Re: [DISCUSS] KIP-32 - Add CreateTime and LogAppendTime to Kafka message

Jiangjie Qin Tue, 13 Oct 2015 19:47:02 -0700

Hey Jay and Guozhang,

Thanks a lot for the reply. So if I understand correctly, Jay's proposal is:


1. Let client stamp the message create time.
2. Broker build index based on client-stamped message create time.
3. Broker only takes message whose create time is withing current time
plus/minus T (T is a configuration *max.append.delay*, could be topic level
configuration), if the timestamp is out of this range, broker rejects the
message.
4. Because the create time of messages can be out of order, when broker
builds the time based index it only provides the guarantee that if a
consumer starts consuming from the offset returned by searching by
timestamp t, they will not miss any message created after t, but might see
some messages created before t.

To build the time based index, every time when a broker needs to insert a
new time index entry, the entry would be {Largest_Timestamp_Ever_Seen ->
Current_Offset}. This basically means any timestamp larger than the
Largest_Timestamp_Ever_Seen must come after this offset because it never
saw them before. So we don't miss any message with larger timestamp.
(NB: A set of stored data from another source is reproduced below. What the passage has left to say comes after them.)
lemma fv_rename [simp]: "fv (rename \<rho> t) = fv t"
  by (induction \<rho> t rule: rename.induct) auto

lemma fv_unlam [simp]: "fv (unlam n t) = fv t"
  by (induction n t rule: unlam.induct) auto

subsection \<open>Renaming bound variables\<close>

lemma funpow_lift: "(lift ^^ k) \<rho> i = (if i < k then i else \<rho> (i - k) + k)"
proof (induction k arbitrary: i)
  case (Suc k)
  then show ?case by (cases i) (auto simp: lift_def)
qed simp

lemma rename_lams: "rename \<rho> (lams Ts b) = lams Ts (rename ((lift ^^ length Ts) \<rho>) b)"
  by (induction Ts arbitrary: \<rho>) (auto simp: funpow_swap1)

lemma lift_comp: "lift (\<rho>1 \<circ> \<rho>2) = lift \<rho>1 \<circ> lift \<rho>2"
  by (auto simp: lift_def split: nat.splits)

lemma rename_rename: "rename \<rho>1 (rename \<rho>2 t) = rename (\<rho>1 \<circ> \<rho>2) t"
proof (induction t arbitrary: \<rho>1 \<rho>2)
  case (App h ts)
  then show ?case by (cases h) auto
qed (simp_all add: lift_comp)

fun rename_hd :: "(nat \<Rightarrow> nat) \<Rightarrow> hd \<Rightarrow> hd" where
  "rename_hd \<rho> (Cn c) = Cn c"
| "rename_hd \<rho> (Bv i) = Bv (\<rho> i)"

lemma rename_App: "rename \<rho> (App h ts) = App (rename_hd \<rho> h) (map (rename \<rho>) ts)"
  by (cases h) auto

fun bvars_below :: "nat \<Rightarrow> tm \<Rightarrow> bool" where
  "bvars_below k (Lam T t) = bvars_below (Suc k) t"
| "bvars_below k (App (Cn c) ts) = (\<forall>t\<in>set ts. bvars_below k t)"
| "bvars_below k (App (Bv i) ts) = (i < k \<and> (\<forall>t\<in>set ts. bvars_below k t))"
| "bvars_below k (FApp F xs) = (\<forall>x\<in>set xs. x < k)"

lemma bvars_below_lams [simp]: "bvars_below k (lams Ts b) = bvars_below (k + length Ts) b"
  by (induction Ts arbitrary: k) auto

lemma bvars_below_mono: "bvars_below m t \<Longrightarrow> m \<le> k \<Longrightarrow> bvars_below k t"
  by (induction m t arbitrary: k rule: bvars_below.induct) auto

lemma bvars_below_unlam: "bvars_below j u \<Longrightarrow> bvars_below (j + n) (unlam n u)"
proof (induction n u arbitrary: j rule: unlam.induct)
  case (2 n T t)
  then show ?case by (metis add_Suc_shift bvars_below.simps(1) unlam.simps(2))
qed (auto intro: bvars_below_mono)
(@Guozhang, in this case, for log retention we only need to take a look at
the last time index entry, because it must be the largest timestamp ever,
if that timestamp is overdue, we can safely delete any log segment before
that. So we don't need to scan the log segment file for log retention)

I assume that we are still going to have the new FetchRequest to allow the
time index replication for replicas.

I think Jay's main point here is that we don't want to have two timestamp
concepts in Kafka, which I agree is a reasonable concern. And I also agree
that create time is more meaningful than LogAppendTime for users. But I am
not sure if making everything base on Create Time would work in all cases.
Here are my questions about this approach:

1. Let's say we have two source clusters that are mirrored to the same
target cluster. For some reason one of the mirror maker from a cluster dies
and after fix the issue we want to resume mirroring. In this case it is
possible that when the mirror maker resumes mirroring, the timestamp of the
messages have already gone beyond the acceptable timestamp range on broker.
In order to let those messages go through, we have to bump up the
*max.append.delay
*for all the topics on the target broker. This could be painful.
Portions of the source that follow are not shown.